» TO DO
In the records below, copy the line that contains "using finite_measure_le_of_subset[of M]" and each line after it, word for word, through the last.

▼

theorem corollary2:
  fixes M :: "'w measure" and N :: "'x measure" and \<mu> :: "'x measure"
    and Q :: "(real^'n) set" and f fd :: "real^'n \<Rightarrow> real"
    and G :: "real^'n \<Rightarrow> 'x \<Rightarrow> real^'n"
    and \<delta> L D \<Omega> :: real and m :: nat
    and \<xi> :: "nat \<Rightarrow> 'w \<Rightarrow> 'x" and x y :: "'w \<Rightarrow> real^'n" and Lt :: "'w \<Rightarrow> real"
  assumes "prob_space M"
    and "closed Q" and "convex Q"
    and "L > 0" and "D > 0"
    and "prob_space \<mu>" and "sets \<mu> = sets N"
    and orc: "stoch_oracle TYPE('n) Q f \<delta> L D \<mu> fd G"
    and G_meas: "(\<lambda>(u, v). G u v) \<in> borel_measurable (borel \<Otimes>\<^sub>M N)"
    and "m \<ge> 1"
    and xi_meas: "\<And>j. j \<in> {1..m} \<Longrightarrow> \<xi> j \<in> M \<rightarrow>\<^sub>M N"
    and xi_law: "\<And>j. j \<in> {1..m} \<Longrightarrow> distr M N (\<xi> j) = \<mu>"
    and xi_indep: "prob_space.indep_vars M (\<lambda>_. N) \<xi> {1..m}"
    and x_meas: "x \<in> borel_measurable M" and y_meas: "y \<in> borel_measurable M"
    and Lt_meas: "Lt \<in> borel_measurable M"
    and y_indep: "prob_space.indep_set M {y -` A \<inter> space M | A. A \<in> sets borel}
                    {(\<lambda>\<omega>. restrict (\<lambda>j. \<xi> j \<omega>) {1..m}) -` B \<inter> space M
                       | B. B \<in> sets (Pi\<^sub>M {1..m} (\<lambda>_. N))}"
    and xQ: "\<And>\<omega>. \<omega> \<in> space M \<Longrightarrow> x \<omega> \<in> Q"
    and yQ: "\<And>\<omega>. \<omega> \<in> space M \<Longrightarrow> y \<omega> \<in> Q"
    and Lt_ge: "\<And>\<omega>. \<omega> \<in> space M \<Longrightarrow> Lt \<omega> \<ge> 3 / 2 * L"
    and "\<Omega> \<ge> sqrt 2 - 1"
  shows "measure M {\<omega> \<in> space M.
            fd (x \<omega>) - fd (y \<omega>)
              - inner ((1 / real m) *\<^sub>R (\<Sum>j=1..m. G (y \<omega>) (\<xi> j \<omega>))) (x \<omega> - y \<omega>)
            > (1 + 2 * \<Omega> + \<Omega>\<^sup>2) * (3 * D / (Lt \<omega> * real m))
              + Lt \<omega> / 2 * (norm (x \<omega> - y \<omega>))\<^sup>2 + \<delta>}
         \<le> exp (- \<Omega>\<^sup>2 / 2)"
proof -
  define B where "B = {\<omega> \<in> space M. 2 * (1 + \<Omega>)\<^sup>2 * D * real m
      < (norm (\<Sum>j\<in>{1..m}. G (y \<omega>) (\<xi> j \<omega>) - (\<integral>\<zeta>. G (y \<omega>) \<zeta> \<partial>\<mu>)))\<^sup>2}"
  have "7071/5000 \<le> sqrt (2::real)"
    by (rule real_le_rsqrt) (simp add: power2_eq_square)
  then have "\<Omega> \<ge> 41/100"
    using \<open>\<Omega> \<ge> sqrt 2 - 1\<close> by linarith
  note tail = prob_noise_sum_tail_le[OF \<open>prob_space M\<close> \<open>prob_space \<mu>\<close> \<open>sets \<mu> = sets N\<close> G_meas
      stoch_oracle_noise[OF orc] \<open>D > 0\<close> \<open>m \<ge> 1\<close> this xi_meas xi_law xi_indep y_meas y_indep yQ]
  then have "B \<in> sets M" "measure M B \<le> exp (- \<Omega>\<^sup>2 / 2)"
    unfolding B_def by blast+
  moreover have "{\<omega> \<in> space M. fd (x \<omega>) - fd (y \<omega>)
              - inner ((1 / real m) *\<^sub>R (\<Sum>j=1..m. G (y \<omega>) (\<xi> j \<omega>))) (x \<omega> - y \<omega>)
            > (1 + 2 * \<Omega> + \<Omega>\<^sup>2) * (3 * D / (Lt \<omega> * real m))
              + Lt \<omega> / 2 * (norm (x \<omega> - y \<omega>))\<^sup>2 + \<delta>} \<subseteq> B"
  proof safe
    fix \<omega> assume \<omega>: "\<omega> \<in> space M"
      and gap: "(1 + 2 * \<Omega> + \<Omega>\<^sup>2) * (3 * D / (Lt \<omega> * real m)) + Lt \<omega> / 2 * (norm (x \<omega> - y \<omega>))\<^sup>2 + \<delta>
        < fd (x \<omega>) - fd (y \<omega>) - inner ((1 / real m) *\<^sub>R (\<Sum>j=1..m. G (y \<omega>) (\<xi> j \<omega>))) (x \<omega> - y \<omega>)"
    from large_model_gap_imp_large_noise[OF \<open>m \<ge> 1\<close> \<open>L > 0\<close> Lt_ge[OF \<omega>] \<open>D > 0\<close>
        stoch_oracle_model_gap_le[OF orc xQ[OF \<omega>] yQ[OF \<omega>]] gap]
    show "\<omega> \<in> B"
      using \<omega> by (simp add: B_def sum_subtractf scaleR_conv_of_real)
  qed
  ultimately show ?thesis
    using finite_measure_le_of_subset[of M] prob_space.finite_measure[OF \<open>prob_space M\<close>]
    by (meson order_trans)
qed

end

▲

» COMPLETED EXERCISE
    using finite_measure_le_of_subset[of M] prob_space.finite_measure[OF \<open>prob_space M\<close>]
    by (meson order_trans)
qed

end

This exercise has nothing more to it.